*Task item*
For the records below, give the number of lines in which "where" appears, and add nothing else.

*Material for this exercise*

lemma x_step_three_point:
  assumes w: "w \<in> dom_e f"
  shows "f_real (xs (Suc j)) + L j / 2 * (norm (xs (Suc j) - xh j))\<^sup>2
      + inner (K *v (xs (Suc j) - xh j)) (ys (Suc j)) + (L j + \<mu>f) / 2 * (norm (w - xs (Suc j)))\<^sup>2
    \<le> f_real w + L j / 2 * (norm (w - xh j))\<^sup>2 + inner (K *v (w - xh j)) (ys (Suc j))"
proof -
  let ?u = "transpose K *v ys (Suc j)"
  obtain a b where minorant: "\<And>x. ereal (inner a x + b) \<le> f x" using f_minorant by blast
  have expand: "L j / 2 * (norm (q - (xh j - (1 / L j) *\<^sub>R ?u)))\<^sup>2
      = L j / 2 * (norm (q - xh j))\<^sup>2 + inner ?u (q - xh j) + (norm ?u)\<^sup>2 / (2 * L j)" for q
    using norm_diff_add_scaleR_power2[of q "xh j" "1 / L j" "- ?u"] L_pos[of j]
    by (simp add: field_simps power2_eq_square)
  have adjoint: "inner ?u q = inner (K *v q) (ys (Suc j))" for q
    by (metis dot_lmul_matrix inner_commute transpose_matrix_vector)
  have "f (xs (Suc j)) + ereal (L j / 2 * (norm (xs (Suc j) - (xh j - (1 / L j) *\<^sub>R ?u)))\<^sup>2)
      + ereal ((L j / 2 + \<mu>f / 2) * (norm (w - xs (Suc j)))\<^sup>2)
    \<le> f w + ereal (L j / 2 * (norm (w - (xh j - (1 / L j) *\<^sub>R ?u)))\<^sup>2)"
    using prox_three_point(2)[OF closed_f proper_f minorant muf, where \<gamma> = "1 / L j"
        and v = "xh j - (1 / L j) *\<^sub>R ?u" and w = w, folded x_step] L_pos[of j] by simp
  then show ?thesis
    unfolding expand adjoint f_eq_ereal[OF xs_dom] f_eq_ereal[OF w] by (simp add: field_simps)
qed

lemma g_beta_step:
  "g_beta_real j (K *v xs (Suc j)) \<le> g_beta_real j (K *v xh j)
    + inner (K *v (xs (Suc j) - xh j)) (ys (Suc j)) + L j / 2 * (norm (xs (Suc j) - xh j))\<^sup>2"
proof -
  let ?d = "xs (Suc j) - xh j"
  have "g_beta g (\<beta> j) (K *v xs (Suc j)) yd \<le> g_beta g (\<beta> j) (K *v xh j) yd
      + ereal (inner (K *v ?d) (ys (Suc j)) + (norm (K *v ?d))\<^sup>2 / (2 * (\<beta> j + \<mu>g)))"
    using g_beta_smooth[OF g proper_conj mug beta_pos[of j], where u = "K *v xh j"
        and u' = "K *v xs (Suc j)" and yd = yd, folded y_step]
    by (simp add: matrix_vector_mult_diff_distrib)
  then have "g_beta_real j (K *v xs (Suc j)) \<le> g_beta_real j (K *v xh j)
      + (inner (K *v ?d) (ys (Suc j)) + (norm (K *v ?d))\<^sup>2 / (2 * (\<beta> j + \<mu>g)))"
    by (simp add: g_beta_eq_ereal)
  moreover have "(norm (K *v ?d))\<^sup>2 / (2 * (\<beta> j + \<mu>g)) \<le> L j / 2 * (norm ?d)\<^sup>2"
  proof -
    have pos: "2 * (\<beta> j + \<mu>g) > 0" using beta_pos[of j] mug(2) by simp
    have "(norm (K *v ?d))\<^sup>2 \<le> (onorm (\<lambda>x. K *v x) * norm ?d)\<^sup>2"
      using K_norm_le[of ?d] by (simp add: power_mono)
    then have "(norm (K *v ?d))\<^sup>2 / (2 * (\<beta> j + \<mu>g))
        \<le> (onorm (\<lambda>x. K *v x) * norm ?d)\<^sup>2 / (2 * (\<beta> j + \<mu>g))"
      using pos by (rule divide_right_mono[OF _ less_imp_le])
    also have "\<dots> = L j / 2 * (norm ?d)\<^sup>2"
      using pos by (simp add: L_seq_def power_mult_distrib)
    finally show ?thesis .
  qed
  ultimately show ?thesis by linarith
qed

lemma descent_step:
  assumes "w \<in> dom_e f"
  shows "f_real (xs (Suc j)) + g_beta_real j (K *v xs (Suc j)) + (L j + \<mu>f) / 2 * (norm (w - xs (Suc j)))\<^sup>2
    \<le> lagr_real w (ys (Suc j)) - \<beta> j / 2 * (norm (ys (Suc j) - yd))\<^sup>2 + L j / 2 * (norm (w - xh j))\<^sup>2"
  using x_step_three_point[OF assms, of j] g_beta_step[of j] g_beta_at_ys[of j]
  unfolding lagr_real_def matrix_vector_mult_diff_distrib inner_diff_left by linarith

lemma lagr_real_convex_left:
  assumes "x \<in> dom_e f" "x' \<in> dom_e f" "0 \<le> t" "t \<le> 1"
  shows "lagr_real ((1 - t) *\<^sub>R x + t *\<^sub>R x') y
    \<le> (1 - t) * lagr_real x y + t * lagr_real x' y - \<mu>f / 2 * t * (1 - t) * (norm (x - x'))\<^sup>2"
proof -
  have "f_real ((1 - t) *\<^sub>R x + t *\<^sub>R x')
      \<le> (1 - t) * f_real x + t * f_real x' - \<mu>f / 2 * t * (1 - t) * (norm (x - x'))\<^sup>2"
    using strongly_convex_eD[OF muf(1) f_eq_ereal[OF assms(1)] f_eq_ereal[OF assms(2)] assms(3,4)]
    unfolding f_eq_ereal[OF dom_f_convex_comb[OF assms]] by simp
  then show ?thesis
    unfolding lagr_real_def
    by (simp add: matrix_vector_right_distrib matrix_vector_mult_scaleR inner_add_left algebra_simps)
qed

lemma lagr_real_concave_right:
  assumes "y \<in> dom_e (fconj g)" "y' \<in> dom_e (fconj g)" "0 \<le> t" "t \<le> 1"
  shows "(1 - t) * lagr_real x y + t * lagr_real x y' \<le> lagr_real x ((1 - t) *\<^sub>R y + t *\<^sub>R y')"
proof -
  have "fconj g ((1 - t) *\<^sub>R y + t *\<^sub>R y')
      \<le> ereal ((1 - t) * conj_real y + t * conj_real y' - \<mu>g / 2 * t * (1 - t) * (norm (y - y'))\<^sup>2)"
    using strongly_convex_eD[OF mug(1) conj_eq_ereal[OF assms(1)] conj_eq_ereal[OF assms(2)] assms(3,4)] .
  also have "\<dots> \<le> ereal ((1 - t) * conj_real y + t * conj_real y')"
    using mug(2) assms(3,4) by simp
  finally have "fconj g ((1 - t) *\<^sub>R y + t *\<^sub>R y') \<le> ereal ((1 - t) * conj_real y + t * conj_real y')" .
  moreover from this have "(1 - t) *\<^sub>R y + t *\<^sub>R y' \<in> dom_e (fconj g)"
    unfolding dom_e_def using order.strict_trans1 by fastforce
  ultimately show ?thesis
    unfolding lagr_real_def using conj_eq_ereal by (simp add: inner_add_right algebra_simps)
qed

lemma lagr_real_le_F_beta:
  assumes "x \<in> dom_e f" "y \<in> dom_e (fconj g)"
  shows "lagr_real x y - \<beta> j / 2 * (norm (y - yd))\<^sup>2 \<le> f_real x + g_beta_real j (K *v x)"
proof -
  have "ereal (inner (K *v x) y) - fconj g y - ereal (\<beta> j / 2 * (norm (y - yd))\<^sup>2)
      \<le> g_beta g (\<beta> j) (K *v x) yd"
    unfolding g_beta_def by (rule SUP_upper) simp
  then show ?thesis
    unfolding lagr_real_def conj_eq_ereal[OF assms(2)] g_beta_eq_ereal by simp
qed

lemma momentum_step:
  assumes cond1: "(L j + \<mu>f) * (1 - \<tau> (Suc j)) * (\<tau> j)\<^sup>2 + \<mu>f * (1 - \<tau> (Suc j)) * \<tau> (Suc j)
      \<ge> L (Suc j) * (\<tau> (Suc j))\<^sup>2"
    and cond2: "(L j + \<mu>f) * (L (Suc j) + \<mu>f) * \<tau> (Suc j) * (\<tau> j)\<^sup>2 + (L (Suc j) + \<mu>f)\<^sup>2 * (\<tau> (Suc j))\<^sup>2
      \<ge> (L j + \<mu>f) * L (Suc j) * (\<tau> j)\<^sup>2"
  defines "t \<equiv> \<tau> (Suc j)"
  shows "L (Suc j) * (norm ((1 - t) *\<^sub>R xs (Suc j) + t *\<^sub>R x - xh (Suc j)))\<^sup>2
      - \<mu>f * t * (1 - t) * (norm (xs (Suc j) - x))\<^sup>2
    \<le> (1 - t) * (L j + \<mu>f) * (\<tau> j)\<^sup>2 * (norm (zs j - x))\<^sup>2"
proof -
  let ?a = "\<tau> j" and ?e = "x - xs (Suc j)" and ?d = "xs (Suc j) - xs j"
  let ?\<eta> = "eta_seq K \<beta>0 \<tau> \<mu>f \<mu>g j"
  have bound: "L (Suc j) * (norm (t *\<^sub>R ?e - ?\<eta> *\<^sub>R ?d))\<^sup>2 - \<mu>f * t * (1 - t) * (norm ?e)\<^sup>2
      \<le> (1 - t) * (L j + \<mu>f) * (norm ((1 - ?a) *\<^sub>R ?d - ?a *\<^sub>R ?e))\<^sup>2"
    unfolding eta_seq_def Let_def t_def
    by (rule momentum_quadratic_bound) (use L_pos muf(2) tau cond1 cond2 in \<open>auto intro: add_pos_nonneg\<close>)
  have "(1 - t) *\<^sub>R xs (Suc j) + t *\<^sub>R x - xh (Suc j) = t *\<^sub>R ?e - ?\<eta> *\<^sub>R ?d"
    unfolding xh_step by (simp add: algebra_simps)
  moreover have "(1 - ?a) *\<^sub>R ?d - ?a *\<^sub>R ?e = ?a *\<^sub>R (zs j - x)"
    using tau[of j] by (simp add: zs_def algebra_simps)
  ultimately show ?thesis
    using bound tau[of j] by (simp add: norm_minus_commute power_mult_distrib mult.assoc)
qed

*Exercise solution*
3